Query: Give me two sneakers with vibrant colors. Label: technical
--------------------------------------------------------------------------------
Query: What are the most expensive clothes you have in your catalogue? Label: technical
--------------------------------------------------------------------------------
Query: I have a green dress and I like a suggestion on an accessory to match with it. Label: creative
--------------------------------------------------------------------------------
Query: Give me three trousers with vibrant colors you have in your catalogue. Label: technical
--------------------------------------------------------------------------------
Query: Create a look for a woman walking in a park on a sunny day. It must be fresh due to hot weather. Label: creative
--------------------------------------------------------------------------------


### Retrieving the Parameters for a Given Task

A function that, given a task, returns the appropriate values for `top_p` and `temperature`.

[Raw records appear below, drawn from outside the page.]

lemma qdiff_sum_poly_eq_0:
  assumes "degree p < a"
  shows "(\<Sum>i\<le>a. qdiff_coeff q a i * q ^ i * poly p (q ^ i)) = 0"
proof -
  have "(\<Sum>i\<le>a. qdiff_coeff q a i * q ^ i * poly p (q ^ i))
      = (\<Sum>i\<le>a. \<Sum>k\<le>degree p. coeff p k * (qdiff_coeff q a i * (q ^ Suc k) ^ i))"
    unfolding poly_altdef sum_distrib_left
    by (intro sum.cong refl) (simp add: algebra_simps flip: power_mult power_add)
  also have "\<dots> = (\<Sum>k\<le>degree p. coeff p k * (\<Sum>i\<le>a. qdiff_coeff q a i * (q ^ Suc k) ^ i))"
    unfolding sum_distrib_left by (rule sum.swap)
  also have "\<dots> = 0"
  proof (intro sum.neutral ballI)
    fix k
    assume "k \<in> {..degree p}"
    then have "(\<Sum>i\<le>a. qdiff_coeff q a i * (q ^ Suc k) ^ i) = 0"
      using assms by (intro qdiff_sum_qpower_eq_0) auto
    then show "coeff p k * (\<Sum>i\<le>a. qdiff_coeff q a i * (q ^ Suc k) ^ i) = 0"
      by simp
  qed
  finally show ?thesis .
qed

end

section \<open>Weighted sums annihilated by the q-difference operator\<close>

definition qprod_poly :: "complex \<Rightarrow> complex \<Rightarrow> nat \<Rightarrow> complex poly" where
  "qprod_poly q X g = (\<Prod>t<g. [:1, - X * q ^ Suc t:])"

lemma degree_qprod_poly: "degree (qprod_poly q X g) \<le> g"
proof -
  have "degree (qprod_poly q X g) \<le> (\<Sum>t<g. degree [:1, - X * q ^ Suc t:])"
    using degree_prod_sum_le[of "{..<g}" "\<lambda>t. [:1, - X * q ^ Suc t:]"]
    by (simp add: qprod_poly_def o_def)
  also have "\<dots> \<le> g"
    using sum_mono[of "{..<g}" "\<lambda>t. degree [:1, - X * q ^ Suc t:]" "\<lambda>_. 1"] by simp
  finally show ?thesis .
qed

lemma poly_qprod_poly: "poly (qprod_poly q X g) (q ^ i) = qprod q X (int i + 1) g"
proof -
  have "q powi (int i + 1 + int t) = q ^ Suc t * q ^ i" for t
    using power_int_of_nat[of q "Suc t + i"] by (simp add: power_add add_ac)
  then show ?thesis
    unfolding qprod_poly_def qprod_def poly_prod by (intro prod.cong refl) (simp add: algebra_simps)
qed

text \<open>Completes the \<open>i\<close>-dependent products in the denominator of a weight to a product
  independent of \<open>i\<close>.\<close>

lemma qprod_poly_complement:
  assumes "i \<le> a"
  shows "qprod q X 1 (a + g) =
    qprod q X 1 i * qprod q X (int g + 1 + int i) (a - i) * poly (qprod_poly q X g) (q ^ i)"
proof -
  have "qprod q X 1 i * qprod q X (int i + 1) g * qprod q X (int g + 1 + int i) (a - i)
      = qprod q X 1 (i + g + (a - i))"
    by (rule qprod_concat) simp
  also have "i + g + (a - i) = a + g"
    using assms by simp
  finally show ?thesis
    by (simp only: poly_qprod_poly ac_simps)
qed

text \<open>The dual summand factors into two such weights (\<open>Phi_dual_summand_factor\<close>).\<close>

definition qweight :: "complex \<Rightarrow> nat \<Rightarrow> complex \<Rightarrow> int \<Rightarrow> complex \<Rightarrow> int \<Rightarrow> nat \<Rightarrow> complex" where
  "qweight q a X d Y e i = qdiff_coeff q a i * q ^ i /
     (qprod q X 1 i * qprod q X (d + int i) (a - i) *
      (qprod q Y 1 i * qprod q Y (e + int i) (a - i)))"

lemma qweight_eq:
  assumes "i \<le> a"
  shows "qweight q a X d Y e i = q ^ i / (qprod q 1 1 i * qprod q 1 (int i - int a) (a - i) *
    qprod q X 1 i * qprod q X (d + int i) (a - i) * qprod q Y 1 i * qprod q Y (e + int i) (a - i))"
  using assms by (simp add: qweight_def qdiff_coeff_def divide_inverse ac_simps)

lemma qweight_swap: "qweight q a X d Y e i = qweight q a Y e X d i"
  by (simp add: qweight_def ac_simps)

context non_root_of_unity
begin

lemma qweight_sum_poly_eq_0:
  assumes X: "\<And>u. X * q powi u \<noteq> 1" and Y: "\<And>u. Y * q powi u \<noteq> 1"
    and "degree r + g + h < a"
  shows "(\<Sum>i\<le>a. qweight q a X (int g + 1) Y (int h + 1) i * poly r (q ^ i)) = 0"
proof -
  define p where "p = qprod_poly q X g * qprod_poly q Y h * r"
  define K where "K = qprod q X 1 (a + g) * qprod q Y 1 (a + h)"
  have "qweight q a X (int g + 1) Y (int h + 1) i * poly r (q ^ i) =
      qdiff_coeff q a i * q ^ i * poly p (q ^ i) / K"
    if "i \<le> a" for i
    unfolding qweight_def p_def K_def poly_mult poly_qprod_poly
      qprod_poly_complement[OF that, of q X g] qprod_poly_complement[OF that, of q Y h]
    using nonzero qprod_nonzero_avoiding[OF X] qprod_nonzero_avoiding[OF Y]
    by (simp add: field_simps)
  then have "(\<Sum>i\<le>a. qweight q a X (int g + 1) Y (int h + 1) i * poly r (q ^ i)) =
      (\<Sum>i\<le>a. qdiff_coeff q a i * q ^ i * poly p (q ^ i)) / K"
    unfolding sum_divide_distrib by (intro sum.cong) simp_all
  also have "(\<Sum>i\<le>a. qdiff_coeff q a i * q ^ i * poly p (q ^ i)) = 0"
  proof (rule qdiff_sum_poly_eq_0)
    have "degree p \<le> degree (qprod_poly q X g) + degree (qprod_poly q Y h) + degree r"
      unfolding p_def by (meson add_le_mono degree_mult_le order_trans order_refl)
    then show "degree p < a"
      using degree_qprod_poly[of q X g] degree_qprod_poly[of q Y h] assms by linarith
  qed
  finally show ?thesis
    by simp
qed

lemma qweight_sum_overlap_eq_0:
  assumes X: "\<And>u. X * q powi u \<noteq> 1" and Y: "\<And>u. Y * q powi u \<noteq> 1"
    and "g < a"
  shows "(\<Sum>i\<le>a. qweight q a X (int g + 1) Y 0 i * (1 - Y * q ^ i)) = 0"
proof -
  define p where "p = qprod_poly q X g"
  define K where "K = qprod q X 1 (a + g) * qprod q Y 1 (a - 1)"
  have "qweight q a X (int g + 1) Y 0 i * (1 - Y * q ^ i) =
      qdiff_coeff q a i * q ^ i * poly p (q ^ i) / K"
    if "i \<le> a" for i
  proof -
    have overlap:
      "qprod q Y 1 i * qprod q Y (int i) (a - i) = (1 - Y * q ^ i) * qprod q Y 1 (a - 1)"
      using qprod_overlap[OF that, of q Y] assms by simp
    have "1 - Y * q ^ i \<noteq> 0"
      using Y[of "int i"] by simp
    then show ?thesis
      unfolding qweight_def p_def K_def poly_qprod_poly add_0_left overlap
        qprod_poly_complement[OF that, of q X g]
      using nonzero qprod_nonzero_avoiding[OF X] qprod_nonzero_avoiding[OF Y]
      by (simp add: field_simps)
  qed
  then have "(\<Sum>i\<le>a. qweight q a X (int g + 1) Y 0 i * (1 - Y * q ^ i)) =
      (\<Sum>i\<le>a. qdiff_coeff q a i * q ^ i * poly p (q ^ i)) / K"
    unfolding sum_divide_distrib by (intro sum.cong) simp_all
  also have "(\<Sum>i\<le>a. qdiff_coeff q a i * q ^ i * poly p (q ^ i)) = 0"
    using assms degree_qprod_poly[of q X g] unfolding p_def
    by (intro qdiff_sum_poly_eq_0) linarith
  finally show ?thesis
    by simp
qed

lemma qweight_dual_sum_eq_0_of_less:
  assumes X: "\<And>u. X * q powi u \<noteq> 1" and c: "\<And>u. c * q powi u \<noteq> 1" and "b < a"
  shows "(\<Sum>i\<le>a. \<Sum>j\<le>b.
    qweight q a X (int a - int b) c (int b) i * Q j * (1 - c * q ^ (i + j))) = 0"
proof -
  have inner:
    "(\<Sum>i\<le>a. qweight q a X (int a - int b) c (int b) i * poly [:1, - c * q ^ j:] (q ^ i)) = 0"
    if "j \<le> b" for j
  proof (cases "b = 0")
    case True
    then show ?thesis
      using qweight_sum_overlap_eq_0[OF X c, of "a - 1" a] that \<open>b < a\<close>
      by (simp add: of_nat_diff ac_simps)
  next
    case False
    have gap: "int a - int b = int (a - b - 1) + 1" and offset: "int b = int (b - 1) + 1"
      using False \<open>b < a\<close> by auto
    show ?thesis
      unfolding gap unfolding offset
      by (rule qweight_sum_poly_eq_0[OF X c]) (use False \<open>b < a\<close> in simp)
  qed
  have "(\<Sum>i\<le>a. \<Sum>j\<le>b. qweight q a X (int a - int b) c (int b) i * Q j * (1 - c * q ^ (i + j))) =
      (\<Sum>j\<le>b. Q j *
        (\<Sum>i\<le>a. qweight q a X (int a - int b) c (int b) i * poly [:1, - c * q ^ j:] (q ^ i)))"
    by (subst sum.swap) (simp add: sum_distrib_left ac_simps power_add)
  also have "\<dots> = 0"
    by (intro sum.neutral ballI) (simp only: atMost_iff inner mult_zero_right)
  finally show ?thesis .
qed

lemma qweight_dual_sum_eq_0_of_eq:
  assumes X: "\<And>u. X * q powi u \<noteq> 1" and Y: "\<And>u. Y * q powi u \<noteq> 1"
    and XY: "\<And>u. X * Y * q powi u \<noteq> 1" and "1 \<le> a"
  shows "(\<Sum>i\<le>a. \<Sum>j\<le>a. qweight q a X 0 (X * Y) (int a) i * qweight q a Y 0 (X * Y) (int a) j *
      (1 - X * Y * q ^ (i + j))) = 0"
proof -
  define P where "P i = qweight q a X 0 (X * Y) (int a) i" for i
  define Q where "Q j = qweight q a Y 0 (X * Y) (int a) j" for j
  have "(\<Sum>i\<le>a. P i * (1 - X * q ^ i)) = 0"
    using qweight_sum_overlap_eq_0[OF XY X, of "a - 1" a] \<open>1 \<le> a\<close>
    by (simp add: P_def qweight_swap[of q a X] of_nat_diff)
  moreover have "(\<Sum>j\<le>a. Q j * (1 - Y * q ^ j)) = 0"
    using qweight_sum_overlap_eq_0[OF XY Y, of "a - 1" a] \<open>1 \<le> a\<close>
    by (simp add: Q_def qweight_swap[of q a Y] of_nat_diff)
  moreover have "(\<Sum>i\<le>a. \<Sum>j\<le>a. P i * Q j * (1 - X * Y * q ^ (i + j))) =
      (\<Sum>i\<le>a. P i * (1 - X * q ^ i)) * (\<Sum>j\<le>a. Q j) +
      X * (\<Sum>i\<le>a. P i * q ^ i) * (\<Sum>j\<le>a. Q j * (1 - Y * q ^ j))"
  proof -
    \<comment> \<open>1 - X Y q^(i+j) = (1 - X q^i) + X q^i (1 - Y q^j)\<close>
    have "(\<Sum>i\<le>a. \<Sum>j\<le>a. P i * Q j * (1 - X * Y * q ^ (i + j))) = (\<Sum>i\<le>a. \<Sum>j\<le>a.
        P i * (1 - X * q ^ i) * Q j + X * (P i * q ^ i) * (Q j * (1 - Y * q ^ j)))"
      by (intro sum.cong refl) (simp add: algebra_simps power_add)
    then show ?thesis
      by (simp add: sum.distrib sum_distrib_left sum_distrib_right ac_simps) (rule sum.swap)
  qed
  ultimately have "(\<Sum>i\<le>a. \<Sum>j\<le>a. P i * Q j * (1 - X * Y * q ^ (i + j))) = 0"
    by simp
  then show ?thesis
    by (simp add: P_def Q_def)
qed

end

section \<open>The dual double sum\<close>

lemma qpoch_eq_0_of_neg:
  assumes "p \<noteq> 0" "k < 0"
  shows "qpoch p p k = 0"
proof -
  have "(\<Prod>i\<in>{1..nat (- k)}. 1 - p * p powi (- int i)) = 0"
    using assms by (intro prod_zero) (auto simp: power_int_minus intro!: bexI[of _ 1])
  then show ?thesis
    using assms unfolding qpoch_def by simp
qed

lemma Phi_eq_0_of_neg:
  assumes "p \<noteq> 0" "k < 0 \<or> l < 0"
  shows "Phi k l X Y p = 0"
  using assms qpoch_eq_0_of_neg[of p] unfolding Phi_def by auto

lemma Phi_0_0: "Phi 0 0 X Y p = 1"
  by (simp add: Phi_def qpoch_def)

lemma Phi_swap: "Phi n m z w p = Phi m n w z p"
  by (simp add: Phi_def ac_simps)

lemma Phi_of_nat:
  "Phi (int k) (int l) X Y p =
     (\<Prod>t<k + l. 1 - X * Y * p * p ^ t) /
     ((\<Prod>t<k. 1 - p * p ^ t) * (\<Prod>t<k. 1 - X * p * p ^ t) * (\<Prod>t<k. 1 - X * Y * p * p ^ t) *
      (\<Prod>t<l. 1 - p * p ^ t) * (\<Prod>t<l. 1 - Y * p * p ^ t) * (\<Prod>t<l. 1 - X * Y * p * p ^ t))"
  unfolding Phi_def qpoch_def of_nat_add[symmetric] nat_int by (simp only: of_nat_0_le_iff if_True)

lemma prod_qpower_eq_qprod: "(\<Prod>t<k. 1 - X * q * q ^ t) = qprod q X 1 k"
  unfolding qprod_def by (intro prod.cong refl) (simp add: power_int_add mult.assoc)

text \<open>An entry of the product of \<open>Phi_dual_kernel\<close> and \<open>Phi_kernel\<close> (in this order),
  with the shifts of \<open>z\<close> and \<open>w\<close> absorbed into \<open>Z\<close> and \<open>W\<close>.\<close>

definition Phi_dual_summand ::
    "complex \<Rightarrow> complex \<Rightarrow> complex \<Rightarrow> nat \<Rightarrow> nat \<Rightarrow> nat \<Rightarrow> nat \<Rightarrow> complex"
  where "Phi_dual_summand q Z W a b i j =
    Phi (int a - int i) (int b - int j) (Z * q powi (2 * int a - int b)) (W * q powi (2 * int b - int a))
      (inverse q) * q ^ (i + j) * Phi (int i) (int j) Z W q"

lemma Phi_dual_summand_swap: "Phi_dual_summand q Z W a b i j = Phi_dual_summand q W Z b a j i"
  using Phi_swap[of "int a - int i" "int b - int j"] Phi_swap[of "int i" "int j"]
  by (simp add: Phi_dual_summand_def add.commute)

context non_root_of_unity
begin

lemma prod_inverse_qpower_eq_qprod:
  "(\<Prod>t<k. 1 - X * q powi e * inverse q * inverse q ^ t) = qprod q X (e - int k) k"
proof -
  have reflected:
    "1 - X * q powi (e - int k + int (k - Suc t)) = 1 - X * q powi e * inverse q * inverse q ^ t"
    if "t \<in> {..<k}" for t
  proof -
    have "e - int k + int (k - Suc t) = e + - int (Suc t)"
      using that by simp
    then show ?thesis
      by (simp only: powi_add power_int_minus power_int_of_nat power_Suc inverse_mult_distrib
          power_inverse mult.assoc)
  qed
  have "(\<Prod>t<k. 1 - X * q powi e * inverse q * inverse q ^ t) =
      (\<Prod>t<k. 1 - X * q powi (e - int k + int (k - Suc t)))"
    by (rule prod.cong[OF refl reflected[symmetric]])
  also have "\<dots> = qprod q X (e - int k) k"
    unfolding qprod_def by (rule prod.nat_diff_reindex)
  finally show ?thesis .
qed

For **technical** queries, **low randomness is preferred**, whereas for **creative** tasks, **higher randomness might be more suitable**. 

In [23]:
def get_params_for_task(task: str) -> dict:
    """
    Retrieves specific LLM parameters based on the nature of the task.

    Creative tasks benefit from higher randomness, while technical tasks 
    require more focus and precision. A default parameter set is returned 
    for unrecognized task types.
    """

    # Define the parameter sets for technical and creative tasks
    PARAMETERS_DICT = {
        "creative": {"top_p": 0.9, "temperature": 1.0},
        "technical": {"top_p": 0.7, "temperature": 0.3}
    }

    # Return the corresponding parameter set based on task type
    if task == "technical":
        param_dict = PARAMETERS_DICT["technical"]
    elif task == "creative":
        param_dict = PARAMETERS_DICT["creative"]
    else:
        # Fallback: safe middle ground
        param_dict = {"top_p": 0.8, "temperature": 0.5}

    return param_dict

In [24]:
get_params_for_task("technical")

{'top_p': 0.7, 'temperature': 0.3}

## Retrieving Items Based on Metadata Inferred from a Query

We will create a function to extract useful metadata to help filter the items shown to it. we’ll get a JSON file with different features and all the possible values found in the dataset. Our job is to pass these values to Our database, so the LLM can pick the ones that make the most sense. And of course, we'll also need to handle situations where the LLM might not find a correct value.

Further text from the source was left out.